- _Task item_: In the records below, count every line that contains the word "induction" and report only the total.

--- Provided data ---

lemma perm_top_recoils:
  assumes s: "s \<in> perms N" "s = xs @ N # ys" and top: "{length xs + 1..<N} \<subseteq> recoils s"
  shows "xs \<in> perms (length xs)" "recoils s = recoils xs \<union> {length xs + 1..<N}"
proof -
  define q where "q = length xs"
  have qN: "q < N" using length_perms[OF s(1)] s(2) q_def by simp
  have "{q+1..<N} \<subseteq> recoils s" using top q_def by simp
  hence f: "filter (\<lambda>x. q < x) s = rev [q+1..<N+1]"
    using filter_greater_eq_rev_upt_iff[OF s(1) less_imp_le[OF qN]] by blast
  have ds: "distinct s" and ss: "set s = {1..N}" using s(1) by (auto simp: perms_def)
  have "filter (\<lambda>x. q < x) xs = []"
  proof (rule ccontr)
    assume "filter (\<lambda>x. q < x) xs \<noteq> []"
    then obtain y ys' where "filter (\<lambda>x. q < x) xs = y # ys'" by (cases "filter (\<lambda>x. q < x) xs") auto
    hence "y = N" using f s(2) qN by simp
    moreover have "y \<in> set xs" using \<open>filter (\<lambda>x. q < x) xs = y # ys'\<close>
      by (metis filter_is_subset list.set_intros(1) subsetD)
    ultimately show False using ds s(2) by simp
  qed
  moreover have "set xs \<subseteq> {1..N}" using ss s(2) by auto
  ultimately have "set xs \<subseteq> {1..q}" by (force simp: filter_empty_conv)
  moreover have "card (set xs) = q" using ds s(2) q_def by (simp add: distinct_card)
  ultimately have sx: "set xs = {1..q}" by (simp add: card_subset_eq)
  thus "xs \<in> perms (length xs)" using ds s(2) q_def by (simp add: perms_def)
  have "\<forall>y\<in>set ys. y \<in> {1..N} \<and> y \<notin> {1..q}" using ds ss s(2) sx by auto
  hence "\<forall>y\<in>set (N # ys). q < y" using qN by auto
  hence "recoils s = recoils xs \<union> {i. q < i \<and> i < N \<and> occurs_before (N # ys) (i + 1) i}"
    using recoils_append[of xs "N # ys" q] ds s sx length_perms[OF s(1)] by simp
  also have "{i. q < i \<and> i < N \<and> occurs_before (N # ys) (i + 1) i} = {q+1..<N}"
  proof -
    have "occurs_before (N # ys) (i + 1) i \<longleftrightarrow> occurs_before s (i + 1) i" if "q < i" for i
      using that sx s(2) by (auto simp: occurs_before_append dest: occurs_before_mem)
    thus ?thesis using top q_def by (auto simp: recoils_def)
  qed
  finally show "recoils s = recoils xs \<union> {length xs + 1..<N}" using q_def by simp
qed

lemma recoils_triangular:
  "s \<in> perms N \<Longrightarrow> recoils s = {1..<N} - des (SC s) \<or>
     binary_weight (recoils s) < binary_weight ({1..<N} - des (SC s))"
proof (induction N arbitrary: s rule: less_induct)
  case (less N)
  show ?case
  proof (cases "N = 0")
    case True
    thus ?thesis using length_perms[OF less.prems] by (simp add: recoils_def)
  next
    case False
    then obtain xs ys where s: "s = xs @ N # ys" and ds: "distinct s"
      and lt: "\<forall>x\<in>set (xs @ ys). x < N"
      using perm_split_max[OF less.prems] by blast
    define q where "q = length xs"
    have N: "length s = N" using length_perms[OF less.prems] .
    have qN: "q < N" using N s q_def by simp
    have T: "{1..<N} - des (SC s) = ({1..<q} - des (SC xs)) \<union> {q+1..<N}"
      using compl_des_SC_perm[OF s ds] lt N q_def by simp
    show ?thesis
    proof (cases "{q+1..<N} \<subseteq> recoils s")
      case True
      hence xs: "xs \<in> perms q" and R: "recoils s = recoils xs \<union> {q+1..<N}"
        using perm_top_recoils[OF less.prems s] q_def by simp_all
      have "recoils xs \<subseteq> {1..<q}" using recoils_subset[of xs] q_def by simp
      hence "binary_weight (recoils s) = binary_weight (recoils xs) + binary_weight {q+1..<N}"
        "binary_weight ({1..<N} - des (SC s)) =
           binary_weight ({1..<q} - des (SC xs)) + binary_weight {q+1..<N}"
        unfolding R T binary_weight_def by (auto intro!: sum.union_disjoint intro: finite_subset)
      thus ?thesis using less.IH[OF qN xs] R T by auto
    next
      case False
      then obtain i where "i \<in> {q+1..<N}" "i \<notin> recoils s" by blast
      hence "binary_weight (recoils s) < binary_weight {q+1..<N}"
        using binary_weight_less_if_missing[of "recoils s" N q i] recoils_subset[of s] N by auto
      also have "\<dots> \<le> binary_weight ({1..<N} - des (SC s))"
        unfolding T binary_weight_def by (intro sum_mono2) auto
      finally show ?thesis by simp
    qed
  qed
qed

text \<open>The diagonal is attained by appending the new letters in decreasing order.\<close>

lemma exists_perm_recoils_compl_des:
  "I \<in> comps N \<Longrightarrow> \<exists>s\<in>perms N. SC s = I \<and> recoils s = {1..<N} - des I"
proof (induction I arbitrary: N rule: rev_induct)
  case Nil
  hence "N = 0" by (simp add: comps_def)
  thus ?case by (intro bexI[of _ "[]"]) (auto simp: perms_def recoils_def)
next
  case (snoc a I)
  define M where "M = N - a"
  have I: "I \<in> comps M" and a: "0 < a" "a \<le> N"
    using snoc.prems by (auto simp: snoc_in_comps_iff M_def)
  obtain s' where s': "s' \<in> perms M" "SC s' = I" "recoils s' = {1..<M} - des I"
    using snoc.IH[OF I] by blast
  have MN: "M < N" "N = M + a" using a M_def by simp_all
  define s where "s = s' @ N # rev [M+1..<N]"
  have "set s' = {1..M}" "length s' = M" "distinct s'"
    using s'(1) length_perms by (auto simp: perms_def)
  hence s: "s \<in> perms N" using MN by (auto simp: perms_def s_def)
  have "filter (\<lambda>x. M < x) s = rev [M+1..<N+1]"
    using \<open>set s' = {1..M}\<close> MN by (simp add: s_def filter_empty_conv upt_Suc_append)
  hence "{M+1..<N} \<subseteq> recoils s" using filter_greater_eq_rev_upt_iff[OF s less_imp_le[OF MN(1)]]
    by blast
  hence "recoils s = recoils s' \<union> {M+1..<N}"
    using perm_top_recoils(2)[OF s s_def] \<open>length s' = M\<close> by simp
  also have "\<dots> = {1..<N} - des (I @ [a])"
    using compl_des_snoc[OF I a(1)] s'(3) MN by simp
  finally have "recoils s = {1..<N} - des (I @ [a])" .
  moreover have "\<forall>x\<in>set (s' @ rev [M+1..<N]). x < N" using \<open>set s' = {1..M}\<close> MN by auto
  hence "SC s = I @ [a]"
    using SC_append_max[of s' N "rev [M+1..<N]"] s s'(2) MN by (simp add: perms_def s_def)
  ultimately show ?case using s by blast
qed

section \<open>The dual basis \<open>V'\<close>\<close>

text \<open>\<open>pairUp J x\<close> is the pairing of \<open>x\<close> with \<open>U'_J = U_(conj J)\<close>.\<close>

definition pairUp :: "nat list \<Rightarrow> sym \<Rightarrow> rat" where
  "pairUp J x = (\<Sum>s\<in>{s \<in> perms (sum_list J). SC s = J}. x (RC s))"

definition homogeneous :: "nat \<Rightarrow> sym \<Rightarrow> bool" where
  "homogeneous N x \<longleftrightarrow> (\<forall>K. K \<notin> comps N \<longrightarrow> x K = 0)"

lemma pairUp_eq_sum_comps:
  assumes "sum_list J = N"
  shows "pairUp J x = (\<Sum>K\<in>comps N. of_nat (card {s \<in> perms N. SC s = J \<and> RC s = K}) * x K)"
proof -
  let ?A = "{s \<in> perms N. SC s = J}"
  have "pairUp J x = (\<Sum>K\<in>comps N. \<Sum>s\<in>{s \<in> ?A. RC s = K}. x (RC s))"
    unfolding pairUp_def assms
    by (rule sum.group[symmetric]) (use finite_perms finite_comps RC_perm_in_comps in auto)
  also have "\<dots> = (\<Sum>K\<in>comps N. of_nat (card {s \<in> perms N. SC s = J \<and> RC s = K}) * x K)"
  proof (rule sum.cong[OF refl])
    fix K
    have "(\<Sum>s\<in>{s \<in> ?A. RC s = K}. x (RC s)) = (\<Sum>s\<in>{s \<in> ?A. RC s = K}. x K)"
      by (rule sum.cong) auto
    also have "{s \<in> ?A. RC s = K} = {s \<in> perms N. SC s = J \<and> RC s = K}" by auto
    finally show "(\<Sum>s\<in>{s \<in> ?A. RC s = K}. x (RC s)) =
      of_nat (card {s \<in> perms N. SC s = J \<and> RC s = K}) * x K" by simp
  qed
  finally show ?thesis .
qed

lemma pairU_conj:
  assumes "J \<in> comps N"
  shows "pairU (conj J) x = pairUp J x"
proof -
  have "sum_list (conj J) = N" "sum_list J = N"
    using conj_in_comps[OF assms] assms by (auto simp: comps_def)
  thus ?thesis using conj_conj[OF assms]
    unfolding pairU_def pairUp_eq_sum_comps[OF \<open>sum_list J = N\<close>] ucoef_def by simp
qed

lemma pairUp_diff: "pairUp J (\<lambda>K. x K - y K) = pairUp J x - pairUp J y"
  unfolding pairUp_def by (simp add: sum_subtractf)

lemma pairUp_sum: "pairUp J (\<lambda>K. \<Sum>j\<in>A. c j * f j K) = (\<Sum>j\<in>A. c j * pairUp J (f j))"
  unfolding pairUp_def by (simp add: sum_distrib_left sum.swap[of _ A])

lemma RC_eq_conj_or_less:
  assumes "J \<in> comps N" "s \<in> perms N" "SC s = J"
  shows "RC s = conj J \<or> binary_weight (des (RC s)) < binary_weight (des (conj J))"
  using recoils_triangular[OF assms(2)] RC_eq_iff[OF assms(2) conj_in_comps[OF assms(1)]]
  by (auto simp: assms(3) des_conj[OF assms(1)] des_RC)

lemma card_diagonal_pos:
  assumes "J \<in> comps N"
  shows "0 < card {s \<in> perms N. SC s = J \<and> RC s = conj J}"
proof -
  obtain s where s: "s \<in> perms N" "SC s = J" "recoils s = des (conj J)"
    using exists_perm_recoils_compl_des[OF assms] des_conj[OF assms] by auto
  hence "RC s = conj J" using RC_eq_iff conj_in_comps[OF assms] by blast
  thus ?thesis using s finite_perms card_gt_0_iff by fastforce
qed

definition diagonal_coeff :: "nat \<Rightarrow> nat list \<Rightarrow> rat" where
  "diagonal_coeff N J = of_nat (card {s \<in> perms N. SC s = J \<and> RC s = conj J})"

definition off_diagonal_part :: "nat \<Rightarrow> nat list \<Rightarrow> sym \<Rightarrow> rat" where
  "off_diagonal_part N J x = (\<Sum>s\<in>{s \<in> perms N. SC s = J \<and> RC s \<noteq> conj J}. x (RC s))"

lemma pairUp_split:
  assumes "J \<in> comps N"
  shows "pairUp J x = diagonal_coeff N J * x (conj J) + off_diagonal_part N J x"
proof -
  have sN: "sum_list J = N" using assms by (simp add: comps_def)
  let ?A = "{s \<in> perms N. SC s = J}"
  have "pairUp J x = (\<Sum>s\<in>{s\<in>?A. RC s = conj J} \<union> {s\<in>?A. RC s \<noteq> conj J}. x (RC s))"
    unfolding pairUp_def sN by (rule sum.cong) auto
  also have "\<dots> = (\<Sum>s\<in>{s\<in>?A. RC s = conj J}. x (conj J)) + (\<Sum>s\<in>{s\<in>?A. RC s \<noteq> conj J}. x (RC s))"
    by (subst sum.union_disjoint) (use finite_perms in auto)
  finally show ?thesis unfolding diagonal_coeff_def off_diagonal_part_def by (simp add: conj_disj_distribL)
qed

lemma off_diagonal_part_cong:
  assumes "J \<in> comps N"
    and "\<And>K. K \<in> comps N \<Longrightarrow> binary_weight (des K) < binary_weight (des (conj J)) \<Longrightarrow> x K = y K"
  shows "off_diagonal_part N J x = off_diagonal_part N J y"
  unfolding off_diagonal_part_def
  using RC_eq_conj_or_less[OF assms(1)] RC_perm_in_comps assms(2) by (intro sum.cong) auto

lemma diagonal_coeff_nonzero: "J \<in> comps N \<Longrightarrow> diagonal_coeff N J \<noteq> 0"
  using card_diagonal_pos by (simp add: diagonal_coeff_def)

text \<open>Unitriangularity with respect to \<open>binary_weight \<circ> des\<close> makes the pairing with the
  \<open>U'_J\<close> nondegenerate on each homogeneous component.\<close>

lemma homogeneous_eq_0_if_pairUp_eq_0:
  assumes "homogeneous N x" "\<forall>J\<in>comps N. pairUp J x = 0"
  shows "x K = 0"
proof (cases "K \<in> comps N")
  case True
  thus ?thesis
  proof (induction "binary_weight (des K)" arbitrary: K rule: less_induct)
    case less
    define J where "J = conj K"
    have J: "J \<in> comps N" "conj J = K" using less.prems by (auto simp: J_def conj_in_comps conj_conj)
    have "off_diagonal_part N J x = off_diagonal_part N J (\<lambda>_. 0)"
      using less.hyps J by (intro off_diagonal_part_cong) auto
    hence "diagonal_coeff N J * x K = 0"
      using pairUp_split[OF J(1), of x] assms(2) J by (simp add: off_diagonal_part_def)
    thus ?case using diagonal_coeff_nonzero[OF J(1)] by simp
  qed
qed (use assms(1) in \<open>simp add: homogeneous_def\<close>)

---
--- Provided data ---

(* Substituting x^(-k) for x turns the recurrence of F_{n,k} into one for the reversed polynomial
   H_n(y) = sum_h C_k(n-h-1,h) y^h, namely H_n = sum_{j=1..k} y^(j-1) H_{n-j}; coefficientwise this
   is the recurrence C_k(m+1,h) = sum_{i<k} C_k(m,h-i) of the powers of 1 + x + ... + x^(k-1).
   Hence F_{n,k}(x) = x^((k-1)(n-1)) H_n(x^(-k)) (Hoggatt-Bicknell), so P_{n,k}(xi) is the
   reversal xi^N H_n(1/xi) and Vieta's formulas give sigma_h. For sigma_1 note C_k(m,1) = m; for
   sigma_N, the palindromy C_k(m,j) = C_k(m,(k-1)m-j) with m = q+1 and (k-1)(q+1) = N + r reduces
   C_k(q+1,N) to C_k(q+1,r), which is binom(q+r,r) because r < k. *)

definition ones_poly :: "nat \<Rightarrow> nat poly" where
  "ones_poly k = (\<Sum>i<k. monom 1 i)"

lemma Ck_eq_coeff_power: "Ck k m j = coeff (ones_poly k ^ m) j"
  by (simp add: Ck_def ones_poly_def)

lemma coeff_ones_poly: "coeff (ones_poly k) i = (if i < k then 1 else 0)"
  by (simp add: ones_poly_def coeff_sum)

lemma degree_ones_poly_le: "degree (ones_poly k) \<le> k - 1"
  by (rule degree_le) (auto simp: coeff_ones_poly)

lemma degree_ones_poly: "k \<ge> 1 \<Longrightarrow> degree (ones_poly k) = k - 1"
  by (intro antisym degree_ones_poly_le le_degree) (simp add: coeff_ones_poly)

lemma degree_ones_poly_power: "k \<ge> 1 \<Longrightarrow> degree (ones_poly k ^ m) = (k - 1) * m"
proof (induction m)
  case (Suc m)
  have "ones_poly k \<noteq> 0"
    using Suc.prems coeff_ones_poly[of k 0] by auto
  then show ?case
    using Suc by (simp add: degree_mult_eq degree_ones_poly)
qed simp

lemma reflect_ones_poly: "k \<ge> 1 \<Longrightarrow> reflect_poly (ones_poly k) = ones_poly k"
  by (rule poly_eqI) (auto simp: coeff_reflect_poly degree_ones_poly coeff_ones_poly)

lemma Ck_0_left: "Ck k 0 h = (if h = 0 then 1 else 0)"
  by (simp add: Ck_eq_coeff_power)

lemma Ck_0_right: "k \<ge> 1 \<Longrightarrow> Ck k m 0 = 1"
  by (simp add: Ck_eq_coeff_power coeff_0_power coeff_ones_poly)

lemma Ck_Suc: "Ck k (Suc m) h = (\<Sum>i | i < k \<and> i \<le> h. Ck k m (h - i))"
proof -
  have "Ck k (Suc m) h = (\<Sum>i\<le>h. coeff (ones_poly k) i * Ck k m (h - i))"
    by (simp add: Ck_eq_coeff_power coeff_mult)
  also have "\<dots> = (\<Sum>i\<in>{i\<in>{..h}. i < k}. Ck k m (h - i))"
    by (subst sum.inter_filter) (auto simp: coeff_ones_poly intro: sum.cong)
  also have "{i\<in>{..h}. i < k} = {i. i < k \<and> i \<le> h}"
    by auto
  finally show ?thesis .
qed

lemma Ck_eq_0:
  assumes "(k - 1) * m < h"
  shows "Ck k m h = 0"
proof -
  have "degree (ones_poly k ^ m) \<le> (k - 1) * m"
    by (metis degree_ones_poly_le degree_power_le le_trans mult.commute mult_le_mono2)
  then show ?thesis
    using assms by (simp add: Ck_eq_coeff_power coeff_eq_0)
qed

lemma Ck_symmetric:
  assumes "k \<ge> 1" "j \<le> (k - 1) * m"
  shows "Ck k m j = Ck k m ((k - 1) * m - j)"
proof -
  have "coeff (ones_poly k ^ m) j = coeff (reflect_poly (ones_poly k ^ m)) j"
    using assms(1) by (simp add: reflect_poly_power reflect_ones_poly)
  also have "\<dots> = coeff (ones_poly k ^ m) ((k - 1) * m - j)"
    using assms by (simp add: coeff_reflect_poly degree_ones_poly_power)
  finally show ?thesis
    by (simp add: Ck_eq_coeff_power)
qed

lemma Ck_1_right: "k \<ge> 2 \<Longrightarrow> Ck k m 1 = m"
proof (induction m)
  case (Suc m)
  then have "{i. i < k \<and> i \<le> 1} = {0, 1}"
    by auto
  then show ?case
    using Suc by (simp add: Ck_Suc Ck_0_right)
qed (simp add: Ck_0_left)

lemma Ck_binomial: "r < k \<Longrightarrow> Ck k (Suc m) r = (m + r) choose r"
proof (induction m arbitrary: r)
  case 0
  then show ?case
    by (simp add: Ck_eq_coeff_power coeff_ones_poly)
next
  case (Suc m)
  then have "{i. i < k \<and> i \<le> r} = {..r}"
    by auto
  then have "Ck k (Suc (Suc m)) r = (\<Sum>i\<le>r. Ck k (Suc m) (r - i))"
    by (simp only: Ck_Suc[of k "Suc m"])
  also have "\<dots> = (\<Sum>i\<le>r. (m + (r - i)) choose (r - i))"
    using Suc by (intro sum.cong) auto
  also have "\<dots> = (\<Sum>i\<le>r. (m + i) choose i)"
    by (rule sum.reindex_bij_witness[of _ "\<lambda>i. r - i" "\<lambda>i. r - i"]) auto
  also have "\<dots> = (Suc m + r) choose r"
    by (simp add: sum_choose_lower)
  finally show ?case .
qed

---
--- Provided data ---

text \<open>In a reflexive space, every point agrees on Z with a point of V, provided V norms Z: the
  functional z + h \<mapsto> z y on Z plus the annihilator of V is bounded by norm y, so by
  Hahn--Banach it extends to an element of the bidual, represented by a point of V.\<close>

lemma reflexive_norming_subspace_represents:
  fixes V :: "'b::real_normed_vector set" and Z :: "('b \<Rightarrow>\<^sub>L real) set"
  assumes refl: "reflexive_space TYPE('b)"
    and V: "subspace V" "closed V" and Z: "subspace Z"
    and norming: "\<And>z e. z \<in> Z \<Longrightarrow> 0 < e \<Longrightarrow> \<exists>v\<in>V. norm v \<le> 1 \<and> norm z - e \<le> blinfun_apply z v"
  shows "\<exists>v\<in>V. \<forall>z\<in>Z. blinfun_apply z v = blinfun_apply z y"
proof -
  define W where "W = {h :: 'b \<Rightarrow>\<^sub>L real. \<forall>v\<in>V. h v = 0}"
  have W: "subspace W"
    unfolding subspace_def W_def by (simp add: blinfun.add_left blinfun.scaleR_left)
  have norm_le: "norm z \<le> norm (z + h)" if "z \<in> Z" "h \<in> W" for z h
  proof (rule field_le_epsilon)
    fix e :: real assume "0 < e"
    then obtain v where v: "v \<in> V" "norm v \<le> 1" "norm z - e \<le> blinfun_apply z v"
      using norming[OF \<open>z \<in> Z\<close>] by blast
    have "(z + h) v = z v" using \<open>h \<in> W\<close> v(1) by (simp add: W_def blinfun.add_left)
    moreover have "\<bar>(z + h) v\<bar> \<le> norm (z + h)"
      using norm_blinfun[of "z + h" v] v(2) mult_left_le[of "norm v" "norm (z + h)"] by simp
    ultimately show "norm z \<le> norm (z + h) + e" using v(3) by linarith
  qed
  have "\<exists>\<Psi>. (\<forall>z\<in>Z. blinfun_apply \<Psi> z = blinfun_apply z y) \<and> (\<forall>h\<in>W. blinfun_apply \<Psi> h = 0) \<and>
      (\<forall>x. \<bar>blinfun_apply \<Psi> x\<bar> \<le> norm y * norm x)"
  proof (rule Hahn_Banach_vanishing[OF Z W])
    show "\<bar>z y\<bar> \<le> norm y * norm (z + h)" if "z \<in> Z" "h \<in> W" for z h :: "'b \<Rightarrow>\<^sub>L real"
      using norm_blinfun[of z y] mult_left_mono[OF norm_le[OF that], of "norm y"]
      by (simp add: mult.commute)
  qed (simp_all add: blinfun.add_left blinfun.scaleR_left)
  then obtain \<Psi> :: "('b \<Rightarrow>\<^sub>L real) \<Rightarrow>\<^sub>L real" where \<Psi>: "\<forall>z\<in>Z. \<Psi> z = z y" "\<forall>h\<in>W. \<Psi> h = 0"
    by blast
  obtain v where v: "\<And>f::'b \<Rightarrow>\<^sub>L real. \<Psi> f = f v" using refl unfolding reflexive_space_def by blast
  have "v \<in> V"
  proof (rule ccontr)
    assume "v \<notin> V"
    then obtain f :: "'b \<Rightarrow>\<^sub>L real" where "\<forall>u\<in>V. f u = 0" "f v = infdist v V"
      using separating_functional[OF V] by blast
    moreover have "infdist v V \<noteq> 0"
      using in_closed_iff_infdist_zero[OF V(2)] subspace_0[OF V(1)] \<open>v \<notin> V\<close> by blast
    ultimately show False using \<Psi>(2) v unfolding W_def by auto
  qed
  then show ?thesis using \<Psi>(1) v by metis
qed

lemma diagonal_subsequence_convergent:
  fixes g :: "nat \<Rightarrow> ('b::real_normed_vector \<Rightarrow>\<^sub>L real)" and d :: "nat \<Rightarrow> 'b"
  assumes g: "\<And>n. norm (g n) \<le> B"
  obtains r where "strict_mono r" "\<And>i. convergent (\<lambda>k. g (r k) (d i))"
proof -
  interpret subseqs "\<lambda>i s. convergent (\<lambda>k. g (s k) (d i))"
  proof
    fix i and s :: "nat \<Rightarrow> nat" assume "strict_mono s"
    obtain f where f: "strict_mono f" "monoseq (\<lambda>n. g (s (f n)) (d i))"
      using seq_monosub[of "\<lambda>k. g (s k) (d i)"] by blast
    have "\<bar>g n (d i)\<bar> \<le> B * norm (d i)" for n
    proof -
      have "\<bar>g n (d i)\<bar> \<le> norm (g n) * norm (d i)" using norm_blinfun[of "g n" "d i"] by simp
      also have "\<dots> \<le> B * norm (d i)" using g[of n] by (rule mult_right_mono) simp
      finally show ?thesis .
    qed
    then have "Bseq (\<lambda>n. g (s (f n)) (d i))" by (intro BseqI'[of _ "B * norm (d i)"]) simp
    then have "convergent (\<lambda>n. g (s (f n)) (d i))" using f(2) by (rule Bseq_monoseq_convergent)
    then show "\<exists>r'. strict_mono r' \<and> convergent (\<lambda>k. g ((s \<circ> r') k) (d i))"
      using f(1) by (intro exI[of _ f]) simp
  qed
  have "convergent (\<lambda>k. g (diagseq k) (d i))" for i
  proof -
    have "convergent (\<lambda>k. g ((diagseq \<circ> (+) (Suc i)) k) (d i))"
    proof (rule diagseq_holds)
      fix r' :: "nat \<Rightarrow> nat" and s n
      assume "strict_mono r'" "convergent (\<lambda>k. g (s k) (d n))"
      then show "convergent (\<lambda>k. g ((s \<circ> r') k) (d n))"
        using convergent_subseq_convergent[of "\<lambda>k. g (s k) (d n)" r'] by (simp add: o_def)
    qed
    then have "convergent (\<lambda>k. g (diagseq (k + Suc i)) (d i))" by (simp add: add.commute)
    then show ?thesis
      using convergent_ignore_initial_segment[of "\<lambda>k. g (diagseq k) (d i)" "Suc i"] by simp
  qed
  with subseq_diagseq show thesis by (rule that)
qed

---

- _Exercise response_: 6